Data for review ▸
lemma cut_balanced_decay:
  fixes p :: "nat \<Rightarrow> real"
  assumes c: "c \<ge> 0" and r: "cut_balanced c p" and nn: "\<And>y. p y \<ge> 0"
  shows "p (y + 1) * (fact y * fact (y + 1)) \<le> p 1 * c ^ y"
proof (induction y)
  case 0
  then show ?case by simp
next
  case (Suc y)
  have e: "c * p (y + 1) = real (y + 2) * real (y + 1) * p (y + 2) + real (y + 2) * real (y + 3) * p (y + 3)"
    using r unfolding cut_balanced_def by (simp add: numeral_3_eq_3 numeral_2_eq_2 algebra_simps)
  have "real (y + 2) * real (y + 3) * p (y + 3) \<ge> 0" using nn by simp
  then have le: "real (y + 2) * real (y + 1) * p (y + 2) \<le> c * p (y + 1)" using e by linarith
  have "p (Suc y + 1) * (fact (Suc y) * fact (Suc y + 1))
      = (real (y + 2) * real (y + 1) * p (y + 2)) * (fact y * fact (y + 1))"
    by (simp add: algebra_simps numeral_2_eq_2)
  also have "\<dots> \<le> (c * p (y + 1)) * (fact y * fact (y + 1))"
    by (rule mult_right_mono[OF le]) simp
  also have "\<dots> \<le> c * (p 1 * c ^ y)" using Suc.IH c by (simp add: mult.assoc mult_left_mono)
  finally show ?case by (simp add: ac_simps)
qed

lemma wronskian:
  fixes p q :: "nat \<Rightarrow> real"
  assumes rp: "cut_balanced c p" and rq: "cut_balanced c q"
  shows "(p y * q (y + 1) - p (y + 1) * q y) * (fact y * fact (y + 1)) = (- c) ^ y * (p 0 * q 1 - p 1 * q 0)"
proof (induction y)
  case 0
  then show ?case by simp
next
  case (Suc y)
  have "c * p y = real (y + 1) * real y * p (y + 1) + real (y + 1) * real (y + 2) * p (y + 2)"
   and "c * q y = real (y + 1) * real y * q (y + 1) + real (y + 1) * real (y + 2) * q (y + 2)"
    using rp rq unfolding cut_balanced_def by blast+
  then have step: "(p (y + 1) * q (y + 2) - p (y + 2) * q (y + 1)) * (real (y + 1) * real (y + 2))
      = - c * (p y * q (y + 1) - p (y + 1) * q y)"
    by algebra
  have "(p (Suc y) * q (Suc y + 1) - p (Suc y + 1) * q (Suc y)) * (fact (Suc y) * fact (Suc y + 1))
      = ((p (y + 1) * q (y + 2) - p (y + 2) * q (y + 1)) * (real (y + 1) * real (y + 2))) * (fact y * fact (y + 1))"
    by (simp add: algebra_simps numeral_2_eq_2)
  also have "\<dots> = (- c) ^ Suc y * (p 0 * q 1 - p 1 * q 0)" unfolding step using Suc.IH by simp
  finally show ?case .
qed

lemma wronskian_bound:
  fixes p q :: "nat \<Rightarrow> real"
  assumes c: "c > 0" and rp: "cut_balanced c p" and rq: "cut_balanced c q"
    and np: "\<And>y. p y \<ge> 0" and nq: "\<And>y. q y \<ge> 0"
  shows "\<bar>p 0 * q 1 - p 1 * q 0\<bar> \<le> 2 * p 1 * q 1 * (c ^ y / fact y)"
proof -
  define dp where "dp y = p (y + 1) * (fact y * fact (y + 1))" for y
  define dq where "dq y = q (y + 1) * (fact y * fact (y + 1))" for y
  have dp: "0 \<le> dp y" "dp y \<le> p 1 * c ^ y" for y
    using cut_balanced_decay[OF _ rp np, of y] c np unfolding dp_def by auto
  have dq: "0 \<le> dq y" "dq y \<le> q 1 * c ^ y" for y
    using cut_balanced_decay[OF _ rq nq, of y] c nq unfolding dq_def by auto
  have F: "fact y * fact (y + 1) > (0::real)" by simp
  have "dp y * dq (y + 1) - dp (y + 1) * dq y
      = ((p (y + 1) * q (y + 1 + 1) - p (y + 1 + 1) * q (y + 1)) * (fact (y + 1) * fact (y + 1 + 1)))
        * (fact y * fact (y + 1))"
    unfolding dp_def dq_def by (simp only: left_diff_distrib right_diff_distrib mult_ac)
  also have "\<dots> = (- c) ^ (y + 1) * (p 0 * q 1 - p 1 * q 0) * (fact y * fact (y + 1))"
    unfolding wronskian[OF rp rq, of "y + 1"] ..
  finally have "\<bar>dp y * dq (y + 1) - dp (y + 1) * dq y\<bar>
      = \<bar>(- c) ^ (y + 1)\<bar> * \<bar>p 0 * q 1 - p 1 * q 0\<bar> * \<bar>fact y * fact (y + 1)\<bar>"
    by (simp only: abs_mult)
  also have "\<dots> = \<bar>p 0 * q 1 - p 1 * q 0\<bar> * (c ^ (y + 1) * (fact y * fact (y + 1)))"
    using c F by (simp only: power_abs abs_minus_cancel abs_of_pos mult_ac)
  finally have "\<bar>p 0 * q 1 - p 1 * q 0\<bar> * (c ^ (y + 1) * (fact y * fact (y + 1)))
      = \<bar>dp y * dq (y + 1) - dp (y + 1) * dq y\<bar>" ..
  also have "\<dots> \<le> dp y * dq (y + 1) + dp (y + 1) * dq y"
    using dp dq by (simp add: abs_le_iff)
  also have "\<dots> \<le> (p 1 * c ^ y) * (q 1 * c ^ (y + 1)) + (p 1 * c ^ (y + 1)) * (q 1 * c ^ y)"
    by (intro add_mono mult_mono dp dq) (use np nq c in auto)
  also have "\<dots> = (2 * p 1 * q 1 * c ^ y / (fact y * fact (y + 1))) * (c ^ (y + 1) * (fact y * fact (y + 1)))"
    using F by (simp add: field_simps)
  finally have "\<bar>p 0 * q 1 - p 1 * q 0\<bar> \<le> 2 * p 1 * q 1 * c ^ y / (fact y * fact (y + 1))"
    by (rule mult_right_le_imp_le) (use c F in simp)
  also have "\<dots> \<le> 2 * p 1 * q 1 * c ^ y / fact y"
    using np nq c by (intro divide_left_mono) (auto simp del: fact_Suc)
  finally show ?thesis by simp
qed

Your goal ▸ The lines above from the one with "y \<le> p 1" through the one with "fact (y + 1) >" are to be duplicated exactly, ends included, with nothing added.

Task solution ▸
  have dp: "0 \<le> dp y" "dp y \<le> p 1 * c ^ y" for y
    using cut_balanced_decay[OF _ rp np, of y] c np unfolding dp_def by auto
  have dq: "0 \<le> dq y" "dq y \<le> q 1 * c ^ y" for y
    using cut_balanced_decay[OF _ rq nq, of y] c nq unfolding dq_def by auto
  have F: "fact y * fact (y + 1) > (0::real)" by simp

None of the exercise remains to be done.